WHAT TO WORK ON
State the number of lines in the records underneath where the word "fixes" turns up, and say nothing else.

RECORDS FOR THIS EXERCISE
lemma fact_unit_part_cong:
  assumes "prime p"
  shows "[int (fact_unit_part p q s) = (-1)^q * fact s] (mod int p)"
proof -
  have "[int (fact_unit_part p q s) = (\<Prod>j<q. (-1::int)) * (\<Prod>t\<in>{1..s}. int t)] (mod int p)"
    unfolding fact_unit_part_def of_nat_mult of_nat_prod
    by (intro cong_mult cong_prod block_prod_cong_minus_one[OF assms]) (simp add: cong_iff_dvd_diff)
  then show ?thesis by (simp add: fact_prod)
qed

lemma fact_unit_part_complement_cong:
  assumes "prime p" "0 < r" "r < p"
  shows "[int (fact_unit_part p i r) * int (fact_unit_part p i' (p - r)) = (-1)^(i + i' + r) * int r] (mod int p)"
proof -
  have "[int (fact_unit_part p i r) * int (fact_unit_part p i' (p - r)) = (-1)^i * (-1)^i' * (fact r * fact (p - r))] (mod int p)"
    using cong_mult[OF fact_unit_part_cong fact_unit_part_cong, OF assms(1) assms(1)] by (simp add: ac_simps)
  also have "[(-1)^i * (-1)^i' * (fact r * fact (p - r)) = (-1)^i * (-1)^i' * ((-1)^r * int r)] (mod int p)"
    using cong_scalar_left[OF fact_mult_fact_diff_cong[OF assms], of "(-1)^i * (-1)^i'"] by simp
  finally show ?thesis by (simp add: power_add ac_simps)
qed

lemma fact_unit_part_cong_mod_cube:
  assumes "prime p" "p > 3"
  shows "[int (fact_unit_part p q 0) = fact (p - 1) ^ q] (mod (int p ^ 3))"
proof -
  have "[(\<Prod>j<q. int (block_prod p j)) = (\<Prod>j<q. fact (p - 1))] (mod (int p ^ 3))"
    by (rule cong_prod) (rule block_prod_cong_fact[OF assms])
  then show ?thesis by (simp add: fact_unit_part_def)
qed

lemma binomial_mult_prime_cong:
  fixes p a b :: nat
  assumes "prime p" "p > 3" "b \<le> a" "b < p" "a - b < p"
  shows "[int ((a*p) choose (b*p)) = int (a choose b)] (mod (int p ^ 3))"
proof -
  define W :: int where "W = fact (p - 1)"
  define u :: int where "u = fact b * fact (a - b) * W ^ a"
  define C where "C = (a*p) choose (b*p)"
  have units: "[int (fact_unit_part p q 0) = W ^ q] (mod (int p ^ 3))" for q
    unfolding W_def using fact_unit_part_cong_mod_cube[OF assms(1,2)] .
  have "a*p - b*p = (a-b)*p" "a = b + (a-b) + 0" "0 < p" "b*p \<le> a*p"
    using assms by (simp_all add: diff_mult_distrib)
  from binomial_fact_unit_part_eq[of p "b*p" "a*p" b 0 "a-b" 0 a 0 0] this
  have exact: "fact b * fact (a-b) * fact_unit_part p b 0 * fact_unit_part p (a-b) 0 * C = fact a * fact_unit_part p a 0"
    unfolding C_def by simp
  have "W ^ a = W ^ b * W ^ (a - b)" using assms by (simp flip: power_add)
  then have "int C * u = fact b * fact (a-b) * W ^ b * W ^ (a-b) * int C"
    by (simp add: u_def ac_simps)
  also have "[fact b * fact (a-b) * W ^ b * W ^ (a-b) * int C
      = fact b * fact (a-b) * int (fact_unit_part p b 0) * int (fact_unit_part p (a-b) 0) * int C] (mod (int p ^ 3))"
    by (intro cong_mult cong_refl cong_sym[OF units])
  also have "fact b * fact (a-b) * int (fact_unit_part p b 0) * int (fact_unit_part p (a-b) 0) * int C
      = fact a * int (fact_unit_part p a 0)"
    using arg_cong[OF exact, of int] by simp
  also have "[fact a * int (fact_unit_part p a 0) = fact a * W ^ a] (mod (int p ^ 3))"
    by (intro cong_scalar_left units)
  also have "fact a * W ^ a = int (a choose b) * u"
  proof -
    have "(fact a :: int) = fact b * fact (a - b) * int (a choose b)"
      using binomial_fact_lemma[OF assms(3)] by (metis of_nat_fact of_nat_mult)
    then show ?thesis by (simp add: u_def ac_simps)
  qed
  finally have "[int C * u = int (a choose b) * u] (mod (int p ^ 3))" .
  moreover have "coprime u (int p ^ 3)"
    unfolding u_def W_def using assms coprime_fact_prime_int[OF assms(1)] by simp
  ultimately show ?thesis unfolding C_def using cong_mult_rcancel by blast
qed

section \<open>The summands of \<open>S\<close>\<close>

definition S_term :: "nat \<Rightarrow> nat \<Rightarrow> int" where
  "S_term n k = int (n choose k) * int ((2*k) choose k) * int ((2*(n-k)) choose (n-k))"

lemma S_eq_sum_S_term: "S n = (\<Sum>k\<le>n. S_term n k)"
  unfolding S_def S_term_def by (intro sum.cong refl) (simp add: diff_mult_distrib2)

lemma S_term_sym: "k \<le> n \<Longrightarrow> S_term n (n - k) = S_term n k"
  unfolding S_term_def by (simp add: binomial_symmetric[symmetric] mult.commute)

lemma sum_atMost_mult_split:
  fixes g :: "nat \<Rightarrow> 'a::comm_monoid_add" and p :: nat
  assumes "0 < p"
  shows "(\<Sum>k\<le>N*p. g k) = (\<Sum>j\<le>N. g (j*p)) + (\<Sum>i<N. \<Sum>r\<in>{1..p-1}. g (i*p + r))"
proof -
  have block: "(\<Sum>k\<in>{i*p..<i*p+p}. g k) = g (i*p) + (\<Sum>r\<in>{1..p-1}. g (i*p + r))" for i
  proof -
    have "{i*p..<i*p+p} = insert (i*p) {i*p+1..i*p+(p-1)}" using assms by auto
    moreover have "(\<Sum>k\<in>{i*p+1..i*p+(p-1)}. g k) = (\<Sum>r\<in>{1..p-1}. g (i*p + r))"
      by (rule sum.reindex_bij_witness[of _ "\<lambda>r. i*p + r" "\<lambda>k. k - i*p"]) auto
    ultimately show ?thesis by simp
  qed
  have "(\<Sum>k\<le>N*p. g k) = (\<Sum>k<N*p. g k) + g (N*p)"
    by (simp add: lessThan_Suc_atMost[symmetric])
  also have "(\<Sum>k<N*p. g k) = (\<Sum>i<N. g (i*p)) + (\<Sum>i<N. \<Sum>r\<in>{1..p-1}. g (i*p + r))"
    unfolding sum.nat_group[symmetric] block by (simp add: sum.distrib)
  finally show ?thesis by (simp add: lessThan_Suc_atMost[symmetric] ac_simps)
qed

RESULT FOR THIS TASK
2